The invention relates to biotechnology, in particular to antibodies that bind interleukin-6 and block its biological activity, as well as to the technology for their preparation.

Interleukin-6 (IL-6) is a cytokine produced by many types of cells, stimulating the proliferation of antigen-activated B-lymphocytes and T-lymphocytes, enhancing the activity of T-killers, stimulating the granulocyte hematopoiesis, synthesis of most proteins of the acute phase of inflammation in the liver, growth keratinocytes and nerve cells (Ketlinsky S.A., Simbirtsev A.S. Cytokines. St. Petersburg, 2008). At the same time, in a number of diseases, such as rheumatoid arthritis, osteoporosis, Alzheimer's disease, myocardial infarction, a number of oncological diseases (renal cell carcinoma, prostate and bladder cancer, malignant diseases associated with proliferation of B cells, in particular multiple myeloma, chronic lymphocytic leukemia) and others, there is an increase in the level of production of IL-6. Since IL-6 is involved in the pathogenesis of many of the above diseases, the binding of excess IL-6 and / or blocking its biological activity seems promising for their treatment.

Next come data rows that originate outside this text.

lemma exists_sink_min_key:
  fixes key :: "'i \<Rightarrow> 'k::linorder"
  assumes "finite S" "S \<noteq> {}" "\<And>a b. a \<in> S \<Longrightarrow> b \<in> S \<Longrightarrow> b \<noteq> a \<Longrightarrow> R a b \<Longrightarrow> key b < key a"
  shows "\<exists>a\<in>S. \<forall>b\<in>S. b \<noteq> a \<longrightarrow> \<not> R a b"
proof -
  have "Min (key ` S) \<in> key ` S" using assms(1,2) by (intro Min_in) auto
  then obtain a where a: "a \<in> S" "key a = Min (key ` S)" by auto
  have "key a \<le> key b" if "b \<in> S" for b using a that assms(1) by simp
  then show ?thesis using a assms(3) by (meson leD)
qed

lemma exists_sink_max_key:
  fixes key :: "'i \<Rightarrow> 'k::linorder"
  assumes "finite S" "S \<noteq> {}" "\<And>a b. a \<in> S \<Longrightarrow> b \<in> S \<Longrightarrow> b \<noteq> a \<Longrightarrow> R a b \<Longrightarrow> key a < key b"
  shows "\<exists>a\<in>S. \<forall>b\<in>S. b \<noteq> a \<longrightarrow> \<not> R a b"
proof -
  have "Max (key ` S) \<in> key ` S" using assms(1,2) by (intro Max_in) auto
  then obtain a where a: "a \<in> S" "key a = Max (key ` S)" by auto
  have "key b \<le> key a" if "b \<in> S" for b using a that assms(1) by simp
  then show ?thesis using a assms(3) by (meson leD)
qed

section \<open>A minimum-weight common basis has no negative cycle\<close>

locale min_weight_common_basis =
  M1: matroid_indep E I1 + M2: matroid_indep E I2 for E I1 I2 +
  fixes B0 :: "'a set" and w :: "'a \<Rightarrow> real"
  assumes common_basis_B0: "common_basis I1 I2 B0"
    and min_weight: "\<forall>B. common_basis I1 I2 B \<longrightarrow> sum w B0 \<le> sum w B"
begin

lemma basis_B0: "basis I1 B0" "basis I2 B0"
  using common_basis_B0 unfolding common_basis_def by auto

lemma finite_B0: "finite B0"
  using M1.basis_finite basis_B0 by blast

lemma B0_subset_ground: "B0 \<subseteq> E"
  using M1.indep_subset_ground basis_B0 basis_indep by blast

end

locale shortest_negative_cycle = min_weight_common_basis +
  fixes c :: "'a list"
  assumes dicycle_c: "dicycle E I1 I2 B0 c" and negative: "cycle_val B0 w c < 0"
    and shortest: "\<And>c'. dicycle E I1 I2 B0 c' \<Longrightarrow> cycle_val B0 w c' < 0 \<Longrightarrow> length c \<le> length c'"
begin

lemma length_ge_2: "2 \<le> length c" and distinct_c: "distinct c"
  and arc: "i < length c \<Longrightarrow> exch_arc E I1 I2 B0 (c ! i) (c ! ((i + 1) mod length c))"
  using dicycle_c unfolding dicycle_def by auto

lemma length_pos: "0 < length c"
  using length_ge_2 by linarith

text \<open>\<open>head_weight i\<close> is the weight of the arc entering the \<open>i\<close>-th vertex, indices taken cyclically.\<close>
definition head_weight :: "nat \<Rightarrow> real" where
  "head_weight i = arc_val B0 w (c ! (i mod length c)) (c ! (i mod length c))"

definition prefix_weight :: "nat \<Rightarrow> real" where
  "prefix_weight m = (\<Sum>i<m. head_weight i)"

lemma prefix_weight_length: "prefix_weight (length c) = cycle_val B0 w c"
  unfolding prefix_weight_def head_weight_def cycle_val_eq_sum_set[OF distinct_c]
  using distinct_c by (simp add: sum_list_sum_nth atLeast0LessThan flip: sum_list_distinct_conv_sum_set)

lemma prefix_weight_add_length: "prefix_weight (m + length c) = prefix_weight m + prefix_weight (length c)"
proof (induction m)
  case (Suc m)
  have "head_weight (m + length c) = head_weight m" unfolding head_weight_def by simp
  then show ?case using Suc unfolding prefix_weight_def by simp
qed (simp add: prefix_weight_def)

lemma prefix_weight_add: "prefix_weight (q + L) = prefix_weight q + (\<Sum>j<L. head_weight (q + j))"
  by (induction L) (simp_all add: prefix_weight_def)

text \<open>A chord from the last to the first vertex of a proper segment of \<open>c\<close> closes a shorter
  cycle, which by minimality of \<open>c\<close> is not negative.\<close>
lemma segment_weight_nonneg:
  assumes q: "q < length c" and L: "2 \<le> L" "L < length c"
    and chord: "exch_arc E I1 I2 B0 (c ! ((q + L - 1) mod length c)) (c ! q)"
  shows "0 \<le> (\<Sum>j<L. head_weight (q + j))"
proof (rule ccontr)
  assume neg: "\<not> ?thesis"
  define n where "n = length c"
  define D where "D = map (\<lambda>j. c ! ((q + j) mod n)) [0..<L]"
  have len_D: "length D = L" unfolding D_def by simp
  have nth_D: "j < L \<Longrightarrow> D ! j = c ! ((q + j) mod n)" for j unfolding D_def by simp
  have n_pos: "0 < n" using length_pos n_def by simp
  have distinct_D: "distinct D"
  proof (subst distinct_conv_nth, intro allI impI)
    fix i j assume ij: "i < length D" "j < length D" "i \<noteq> j"
    then have "(q + i) mod n \<noteq> (q + j) mod n" using mod_add_left_inj[of i n j q] len_D L n_def by auto
    then show "D ! i \<noteq> D ! j" using ij len_D nth_D distinct_c n_def n_pos
      by (simp add: nth_eq_iff_index_eq)
  qed
  have "dicycle E I1 I2 B0 D"
    unfolding dicycle_def
  proof (intro conjI allI impI)
    show "distinct D" by fact
    show "2 \<le> length D" using len_D L by simp
    fix j assume j: "j < length D"
    show "exch_arc E I1 I2 B0 (D ! j) (D ! ((j + 1) mod length D))"
    proof (cases "j + 1 < L")
      case True
      have "exch_arc E I1 I2 B0 (c ! ((q + j) mod n)) (c ! (((q + j) mod n + 1) mod n))"
        using arc[of "(q + j) mod n"] n_pos n_def by simp
      moreover have "((q + j) mod n + 1) mod n = (q + (j + 1)) mod n" by (simp add: mod_Suc_eq)
      ultimately show ?thesis using True len_D nth_D j by simp
    next
      case False
      then have "j + 1 = L" using j len_D by simp
      moreover have "q + L - 1 = q + j" using \<open>j + 1 = L\<close> by simp
      ultimately show ?thesis using chord len_D nth_D[of j] nth_D[of 0] q n_def L by simp
    qed
  qed
  moreover have "cycle_val B0 w D = sum_list (map (\<lambda>v. arc_val B0 w v v) D)"
    using cycle_val_eq_sum_set[OF distinct_D] distinct_D by (simp add: sum_list_distinct_conv_sum_set)
  moreover have "\<dots> = (\<Sum>j<L. head_weight (q + j))"
    unfolding D_def head_weight_def n_def by (simp add: sum_list_sum_nth atLeast0LessThan)
  ultimately show False using shortest[of D] neg len_D L by simp
qed

lemma prefix_weight_backward_chord:
  assumes "p < length c" "q < p" "\<not> (q = 0 \<and> p = length c - 1)"
    and "exch_arc E I1 I2 B0 (c ! p) (c ! q)"
  shows "prefix_weight q \<le> prefix_weight (p + 1)"
proof -
  have "0 \<le> (\<Sum>j<p - q + 1. head_weight (q + j))"
    using assms by (intro segment_weight_nonneg) auto
  then show ?thesis using prefix_weight_add[of q "p - q + 1"] assms by simp
qed

lemma prefix_weight_forward_chord:
  assumes "p < q" "q < length c" "q \<noteq> p + 1"
    and "exch_arc E I1 I2 B0 (c ! p) (c ! q)"
  shows "prefix_weight q \<le> prefix_weight (p + 1) + prefix_weight (length c)"
proof -
  have "(q + (p + length c - q + 1) - 1) mod length c = p" using assms by simp
  then have "0 \<le> (\<Sum>j<p + length c - q + 1. head_weight (q + j))"
    using assms by (intro segment_weight_nonneg) auto
  moreover have "q + (p + length c - q + 1) = (p + 1) + length c" using assms by simp
  ultimately show ?thesis
    using prefix_weight_add[of q "p + length c - q + 1"] prefix_weight_add_length[of "p + 1"] by simp
qed

text \<open>Ordering the arcs \<open>c ! p \<rightarrow> c ! (p + 1)\<close> of the cycle by this key, a chord from the tail
  of one such arc to the head of another always leads to a smaller key.\<close>
definition chord_key :: "nat \<Rightarrow> real \<times> nat" where
  "chord_key p = (prefix_weight (p + 1), p)"

lemma chord_key_less:
  assumes p: "p < length c" and p': "p' < length c" and ne: "p \<noteq> p'"
    and not_arc: "(p' + 1) mod length c \<noteq> p"
    and chord: "exch_arc E I1 I2 B0 (c ! p) (c ! ((p' + 1) mod length c))"
  shows "chord_key p' < chord_key p"
proof -
  have total: "prefix_weight (length c) < 0" using prefix_weight_length negative by simp
  show ?thesis
  proof (cases "p' + 1 < length c")
    case True
    then have q: "(p' + 1) mod length c = p' + 1" by simp
    show ?thesis
    proof (cases "p' + 1 \<le> p")
      case True
      then have "prefix_weight (p' + 1) \<le> prefix_weight (p + 1)"
        using prefix_weight_backward_chord[of p "p' + 1"] chord q p not_arc by simp
      then show ?thesis using True unfolding chord_key_def by auto
    next
      case False
      then have "prefix_weight (p' + 1) \<le> prefix_weight (p + 1) + prefix_weight (length c)"
        using prefix_weight_forward_chord[of p "p' + 1"] chord q not_arc True ne by simp
      then show ?thesis using total unfolding chord_key_def by auto
    qed
  next
    case False
    then have last: "p' + 1 = length c" using p' by simp
    then have "0 < p" using not_arc by auto
    then have "prefix_weight 0 \<le> prefix_weight (p + 1)"
      using prefix_weight_backward_chord[of p 0] chord last p ne by simp
    then show ?thesis using total last unfolding chord_key_def prefix_weight_def by auto
  qed
qed

lemma set_c_subset_ground: "set c \<subseteq> E"
proof
  fix v assume "v \<in> set c"
  then obtain i where "i < length c" "v = c ! i" by (auto simp: in_set_conv_nth)
  then show "v \<in> E" using arc B0_subset_ground unfolding exch_arc_def by auto
qed

lemma arc_out_of_B0:
  "i < length c \<Longrightarrow> c ! i \<in> B0 \<Longrightarrow> c ! ((i + 1) mod length c) \<notin> B0 \<and>
    basis I1 (insert (c ! ((i + 1) mod length c)) (B0 - {c ! i}))"
  using arc[of i] unfolding exch_arc_def by auto

lemma arc_into_B0:
  "i < length c \<Longrightarrow> c ! i \<notin> B0 \<Longrightarrow> c ! ((i + 1) mod length c) \<in> B0 \<and>
    basis I2 (insert (c ! i) (B0 - {c ! ((i + 1) mod length c)}))"
  using arc[of i] unfolding exch_arc_def by auto

lemma exists_pred:
  assumes "q < length c"
  shows "\<exists>p < length c. (p + 1) mod length c = q"
proof (cases q)
  case 0 then show ?thesis using length_pos by (intro exI[of _ "length c - 1"]) auto
next
  case (Suc r) then show ?thesis using assms by (intro exI[of _ r]) auto
qed

lemma nth_c_inj: "a < length c \<Longrightarrow> b < length c \<Longrightarrow> c ! a = c ! b \<Longrightarrow> a = b"
  using distinct_c by (simp add: nth_eq_iff_index_eq)

lemma next_c_inj:
  assumes "a < length c" "b < length c" "c ! ((a + 1) mod length c) = c ! ((b + 1) mod length c)"
  shows "a = b"
proof -
  have "(1 + a) mod length c = (1 + b) mod length c"
    using assms(3) nth_c_inj length_pos by (simp add: add.commute)
  then show "a = b" using mod_add_left_inj assms(1,2) by blast
qed

lemma chord_arc_M1:
  assumes "p < length c" "p' < length c" "c ! p \<in> B0" "c ! p' \<in> B0"
    "I1 (insert (c ! ((p' + 1) mod length c)) (B0 - {c ! p}))"
  shows "exch_arc E I1 I2 B0 (c ! p) (c ! ((p' + 1) mod length c))"
proof -
  have "c ! ((p' + 1) mod length c) \<notin> B0" using arc_out_of_B0 assms by blast
  moreover have "c ! ((p' + 1) mod length c) \<in> E" using set_c_subset_ground length_pos by auto
  ultimately show ?thesis
    unfolding exch_arc_def using M1.basis_exchangeI[OF basis_B0(1)] assms by auto
qed

lemma chord_arc_M2:
  assumes "p < length c" "p' < length c" "c ! p \<notin> B0" "c ! p' \<notin> B0"
    "I2 (insert (c ! p') (B0 - {c ! ((p + 1) mod length c)}))"
  shows "exch_arc E I1 I2 B0 (c ! p') (c ! ((p + 1) mod length c))"
proof -
  have "c ! ((p + 1) mod length c) \<in> B0" using arc_into_B0 assms by blast
  moreover have "c ! p' \<in> E" using set_c_subset_ground assms by auto
  ultimately show ?thesis
    unfolding exch_arc_def using M2.basis_exchangeI[OF basis_B0(2)] assms by auto
qed

definition tails_in_B0 :: "nat set" where
  "tails_in_B0 = {p. p < length c \<and> c ! p \<in> B0}"

definition tails_out_B0 :: "nat set" where
  "tails_out_B0 = {p. p < length c \<and> c ! p \<notin> B0}"

lemma image_tails_in_B0:
  "(!) c ` tails_in_B0 = set c \<inter> B0"
  "(\<lambda>p. c ! ((p + 1) mod length c)) ` tails_in_B0 = set c - B0"
proof -
  show "(!) c ` tails_in_B0 = set c \<inter> B0"
    unfolding tails_in_B0_def by (auto simp: in_set_conv_nth)
  have "v \<in> (\<lambda>p. c ! ((p + 1) mod length c)) ` tails_in_B0" if v: "v \<in> set c - B0" for v
  proof -
    obtain q where q: "q < length c" "v = c ! q" "c ! q \<notin> B0"
      using v in_set_conv_nth[of v c] by auto
    then obtain p where p: "p < length c" "(p + 1) mod length c = q" using exists_pred by blast
    then have "c ! p \<in> B0" using arc_into_B0[of p] q by auto
    then show ?thesis using p q unfolding tails_in_B0_def by auto
  qed
  then show "(\<lambda>p. c ! ((p + 1) mod length c)) ` tails_in_B0 = set c - B0"
    using arc_out_of_B0 length_pos unfolding tails_in_B0_def by (auto intro!: nth_mem)
qed

lemma image_tails_out_B0:
  "(!) c ` tails_out_B0 = set c - B0"
  "(\<lambda>p. c ! ((p + 1) mod length c)) ` tails_out_B0 = set c \<inter> B0"
proof -
  show "(!) c ` tails_out_B0 = set c - B0"
    unfolding tails_out_B0_def by (auto simp: in_set_conv_nth)
  have "v \<in> (\<lambda>p. c ! ((p + 1) mod length c)) ` tails_out_B0" if v: "v \<in> set c \<inter> B0" for v
  proof -
    obtain q where q: "q < length c" "v = c ! q" "c ! q \<in> B0"
      using v in_set_conv_nth[of v c] by auto
    then obtain p where p: "p < length c" "(p + 1) mod length c = q" using exists_pred by blast
    then have "c ! p \<notin> B0" using arc_out_of_B0[of p] q by auto
    then show ?thesis using p q unfolding tails_out_B0_def by auto
  qed
  then show "(\<lambda>p. c ! ((p + 1) mod length c)) ` tails_out_B0 = set c \<inter> B0"
    using arc_into_B0 length_pos unfolding tails_out_B0_def by (auto intro!: nth_mem)
qed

IL-6 can bind to the IL-6 receptor expressed on mitogen-activated B cells, T cells, peripheral monocytes, and certain tumors (Ishimi Y. et al., Immunology 145: 3297-3303 (1990)). The IL-6 receptor has at least two different forms and consists of an alpha chain called gp80, which is responsible for binding to IL-6, and a beta chain called gp130, which is necessary for signal transmission (Adebanjo O. et al ., Cell Biology 142: 1347-1356 (1998) and Poli V. et al., EMBO 13: 1189-1196 (1994)).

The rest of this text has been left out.